Сорняков достал из кармана штанов четвертинку, свернул крышку и, обхватив руку Джона вокруг локтя своей рукой, сделал несколько жадных глотков. Потом передал бутылку Половинкину. Джон хотел протестовать и против водки, и против того, что Сорняков ругается при женщине, но глубоко вздохнул, посмотрел на хмурое августовское небо сквозь бутылочное стекло и в два глотка прикончил чекушку.

Русский бред продолжался.

– Странно, – удивленно заметила Варя, глянув на часы. – Одиннадцать часов, а в Нескучном саду никого. И это в воскресенье.

Выходившие из Нескучного сада четверо молодых людей являли зрелище жалкое и трогательное. Впереди шли Рожицына с Крекшиным. Крекшин, у которого кружилась забинтованная голова, обнимал Варю за шею, та заботливо поддерживала его.
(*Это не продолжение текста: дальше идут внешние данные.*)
(* Let $\alpha>0$, $A\ge0$, $B>0$, $t>0$, and let $P_n(x,t)$ be the monic polynomials orthogonal on $[0,\infty)$ w.r.t. $w(x,t)=x^\alpha e^{-x}(A+B\theta(x-t))$, with norms $h_n(t)$. Let $R_n(t)=Bt^\alpha e^{-t}\{P_n(t,t)\}^2/h_n(t)$, $r_n(t)=Bt^\alpha e^{-t}P_n(t,t)P_{n-1}(t,t)/h_{n-1}(t)$, $D_n(t)=\prod_{j=0}^{n-1}h_j(t)$ ($D_0=1$) and $H_n(t)=t\frac{d}{dt}\ln D_n(t)$. Then for $n\ge1$ (whenever the denominators are nonzero) $$tR_n=H_n-H_{n+1},$$ $$t\,r_n=\frac{[H_n-n(n+\alpha)](t+H_{n+1}-H_{n-1})+t\,n(n+\alpha)}{t+H_{n+1}-H_{n-1}-2n-\alpha},$$ and $$(t\,r_n)^2=\left[n(n+\alpha)+t\,r_n-H_n\right]\left[(tR_n)^2+tR_n(H_{n+1}+H_{n-1}-2H_n)\right];$$ substituting the first two formulas into the third yields a second-order difference equation in $n$ for $H_n$.
   Context: $\theta$ is the Heaviside function ($1$ for $x>0$, $0$ otherwise); $P_n(t,t)$ is $P_n(x,t)$ at $x=t$. *)

theory Defs
  imports "HOL-Analysis.Analysis" "HOL-Computational_Algebra.Polynomial"
begin

definition heaviside :: "real \<Rightarrow> real" where
  "heaviside x = (if x > 0 then 1 else 0)"

definition weight :: "real \<Rightarrow> real \<Rightarrow> real \<Rightarrow> real \<Rightarrow> real \<Rightarrow> real" where
  "weight \<alpha> A B t x = x powr \<alpha> * exp (- x) * (A + B * heaviside (x - t))"

definition wip :: "real \<Rightarrow> real \<Rightarrow> real \<Rightarrow> real \<Rightarrow> real poly \<Rightarrow> real poly \<Rightarrow> real" where
  "wip \<alpha> A B t p q = (LINT x:{0..}|lborel. poly p x * poly q x * weight \<alpha> A B t x)"

definition is_monic_OP :: "real \<Rightarrow> real \<Rightarrow> real \<Rightarrow> real \<Rightarrow> nat \<Rightarrow> real poly \<Rightarrow> bool" where
  "is_monic_OP \<alpha> A B t n p \<longleftrightarrow> degree p = n \<and> lead_coeff p = 1 \<and>
     (\<forall>q. degree q < n \<longrightarrow> wip \<alpha> A B t p q = 0)"

definition OP :: "real \<Rightarrow> real \<Rightarrow> real \<Rightarrow> real \<Rightarrow> nat \<Rightarrow> real poly" where
  "OP \<alpha> A B t n = (THE p. is_monic_OP \<alpha> A B t n p)"

definition Pn :: "real \<Rightarrow> real \<Rightarrow> real \<Rightarrow> nat \<Rightarrow> real \<Rightarrow> real \<Rightarrow> real" where
  "Pn \<alpha> A B n x t = poly (OP \<alpha> A B t n) x"

definition hn :: "real \<Rightarrow> real \<Rightarrow> real \<Rightarrow> nat \<Rightarrow> real \<Rightarrow> real" where
  "hn \<alpha> A B n t = wip \<alpha> A B t (OP \<alpha> A B t n) (OP \<alpha> A B t n)"

definition Rn :: "real \<Rightarrow> real \<Rightarrow> real \<Rightarrow> nat \<Rightarrow> real \<Rightarrow> real" where
  "Rn \<alpha> A B n t = B * t powr \<alpha> * exp (- t) * (Pn \<alpha> A B n t t)\<^sup>2 / hn \<alpha> A B n t"

definition rn :: "real \<Rightarrow> real \<Rightarrow> real \<Rightarrow> nat \<Rightarrow> real \<Rightarrow> real" where
  "rn \<alpha> A B n t = B * t powr \<alpha> * exp (- t) * Pn \<alpha> A B n t t * Pn \<alpha> A B (n - 1) t t
      / hn \<alpha> A B (n - 1) t"

definition Dn :: "real \<Rightarrow> real \<Rightarrow> real \<Rightarrow> nat \<Rightarrow> real \<Rightarrow> real" where
  "Dn \<alpha> A B n t = (\<Prod>j<n. hn \<alpha> A B j t)"

definition Hn :: "real \<Rightarrow> real \<Rightarrow> real \<Rightarrow> nat \<Rightarrow> real \<Rightarrow> real" where
  "Hn \<alpha> A B n t = t * deriv (\<lambda>s. ln (Dn \<alpha> A B n s)) t"

end

theory Submission
  imports Defs "HOL-Real_Asymp.Real_Asymp"
begin

text \<open>
  The moments \<open>\<mu>\<^sub>k(t)\<close> of \<open>w(x,t)\<close> satisfy \<open>\<mu>\<^sub>k\<^sub>+\<^sub>1 = (k + \<alpha> + 1) \<mu>\<^sub>k + c t\<^sup>k\<^sup>+\<^sup>1\<close>, where
  \<open>c = B t\<^sup>\<alpha> e\<^sup>-\<^sup>t\<close> comes from the jump of the weight at \<open>t\<close>. Tested against the orthogonal
  polynomials, this recurrence yields the subleading coefficient \<open>p(n) = H\<^sub>n - n(n + \<alpha>)\<close> and
  \<open>p(n) + \<beta>\<^sub>n = t r\<^sub>n\<close> with \<open>\<beta>\<^sub>n = h\<^sub>n / h\<^sub>n\<^sub>-\<^sub>1\<close>. It also shows that the lowering and raising
  combinations \<open>x P\<^sub>n' - n P\<^sub>n - \<beta>\<^sub>n P\<^sub>n\<^sub>-\<^sub>1\<close> and \<open>x P\<^sub>n\<^sub>-\<^sub>1' - x P\<^sub>n\<^sub>-\<^sub>1 + P\<^sub>n + (n + \<alpha>) P\<^sub>n\<^sub>-\<^sub>1\<close>
  represent evaluation at \<open>t\<close> on polynomials of degree \<open>< n\<close>, so both are multiples of the
  Christoffel--Darboux kernel \<open>K\<^sub>n\<^sub>-\<^sub>1(x, t)\<close>. Evaluating at \<open>x = 0\<close>, where \<open>P\<^sub>n(0) \<noteq> 0\<close>, and
  eliminating \<open>P\<^sub>n(0) / P\<^sub>n\<^sub>-\<^sub>1(0)\<close> gives \<open>n(n + \<alpha>) + r\<^sub>n(2n + \<alpha>) = \<beta>\<^sub>n (1 - R\<^sub>n - R\<^sub>n\<^sub>-\<^sub>1)\<close>,
  while \<open>r\<^sub>n\<^sup>2 = \<beta>\<^sub>n R\<^sub>n R\<^sub>n\<^sub>-\<^sub>1\<close> holds by definition. Finally \<open>h\<^sub>j'(t) = -c P\<^sub>j(t,t)\<^sup>2\<close>, read off
  from the extremal property of \<open>h\<^sub>j\<close>, gives \<open>H\<^sub>n = -t (R\<^sub>0 + \<dots> + R\<^sub>n\<^sub>-\<^sub>1)\<close>, and the three identities
  become algebra.
\<close>

lemma degree_less_or_zero: "degree p \<le> m \<Longrightarrow> coeff p m = 0 \<Longrightarrow> p = 0 \<or> degree p < m"
  by (metis leading_coeff_0_iff le_neq_implies_less)

lemma degree_le_Suc_coeff_0: "degree p \<le> Suc k \<Longrightarrow> coeff p (Suc k) = 0 \<Longrightarrow> degree p \<le> k"
  using degree_less_or_zero[of p "Suc k"] by auto

lemma coeff_pCons_0_pderiv: "coeff (pCons 0 (pderiv f)) i = real i * coeff f i"
  by (cases i) (auto simp: coeff_pderiv)

lemma degree_pCons_0_pderiv_le: "degree (pCons 0 (pderiv f)) \<le> degree (f :: real poly)"
proof (cases "pderiv f = 0")
  case False
  then have "degree f > 0"
    using pderiv_eq_0_iff by force
  then show ?thesis
    using False degree_pderiv[of f] by simp
qed simp

section \<open>Moment functionals and their orthogonal polynomials\<close>

definition moment_functional :: "(nat \<Rightarrow> real) \<Rightarrow> real poly \<Rightarrow> real" where
  "moment_functional \<mu> p = (\<Sum>i\<le>degree p. coeff p i * \<mu> i)"

lemma moment_functional_eq_sum:
  "degree p \<le> N \<Longrightarrow> moment_functional \<mu> p = (\<Sum>i\<le>N. coeff p i * \<mu> i)"
  unfolding moment_functional_def by (rule sum.mono_neutral_left) (auto simp: coeff_eq_0)

lemma moment_functional_0 [simp]: "moment_functional \<mu> 0 = 0"
  by (simp add: moment_functional_def)

lemma moment_functional_add: "moment_functional \<mu> (p + q) = moment_functional \<mu> p + moment_functional \<mu> q"
proof -
  define N where "N = max (degree p) (degree q)"
  have "degree p \<le> N" "degree q \<le> N" "degree (p + q) \<le> N"
    unfolding N_def by (auto intro: degree_add_le)
  then show ?thesis
    by (simp add: moment_functional_eq_sum[of _ N] distrib_right sum.distrib)
qed

lemma moment_functional_smult: "moment_functional \<mu> (smult c p) = c * moment_functional \<mu> p"
  using degree_smult_le[of c p]
  by (simp add: moment_functional_eq_sum[of _ "degree p"] sum_distrib_left mult.assoc)

lemma moment_functional_diff: "moment_functional \<mu> (p - q) = moment_functional \<mu> p - moment_functional \<mu> q"
  using moment_functional_add[of \<mu> p "-q"] moment_functional_smult[of \<mu> "-1" q] by simp

lemma moment_functional_sum:
  "moment_functional \<mu> (\<Sum>j\<in>S. f j) = (\<Sum>j\<in>S. moment_functional \<mu> (f j))"
  by (induction S rule: infinite_finite_induct) (auto simp: moment_functional_add)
На безнадежном лице Крекшина было написано: «Брось меня, сестра!» Позади, тоже обнявшись, весело шагали пьяные Джон и Сорняков. Они были бесконечно влюблены друг в друга и орали во весь голос песню «Good buy, America!». Сорняков ужасно фальшивил по части мелодии, но английское произношение у него оказалось превосходное.

– Подлый народ, – вздохнул Сорняков, услыхав слова Вари. – Нажрутся в субботу как свиньи и всё воскресенье продрыхнут, хрюкая в одеяло. Слушай, американец, чего я в тебя такой влюбленный?

– Ты вообще любишь людей.

– Я? – изумился Сорняков. – Да я их ненавижу! Хочешь знать, зачем я купил «макаров»? Думал, когда станет совсем невмоготу, выйду ночью и замочу какого-нибудь бомжа.

– Почему бомжа? – машинально спросил Джон и тут же смутился. Он уже попадался на эти штучки с Крекшиным. Но Сорняков, похоже, не шутил.

– Чтобы на душе полегчало. Это такой кайф – безнаказанное убийство! Кто будет искать убийцу бомжа? Наоборот, скажут: молодец! Очистил жизнь от лишней сволочи.

– Врешь ты, Сорняков, – еле слышно вмешался Крекшин. – Ты пистолет купил из-за комплекса неполноценности.

Сорняков нисколько не обиделся и озорно взглянул на Джона.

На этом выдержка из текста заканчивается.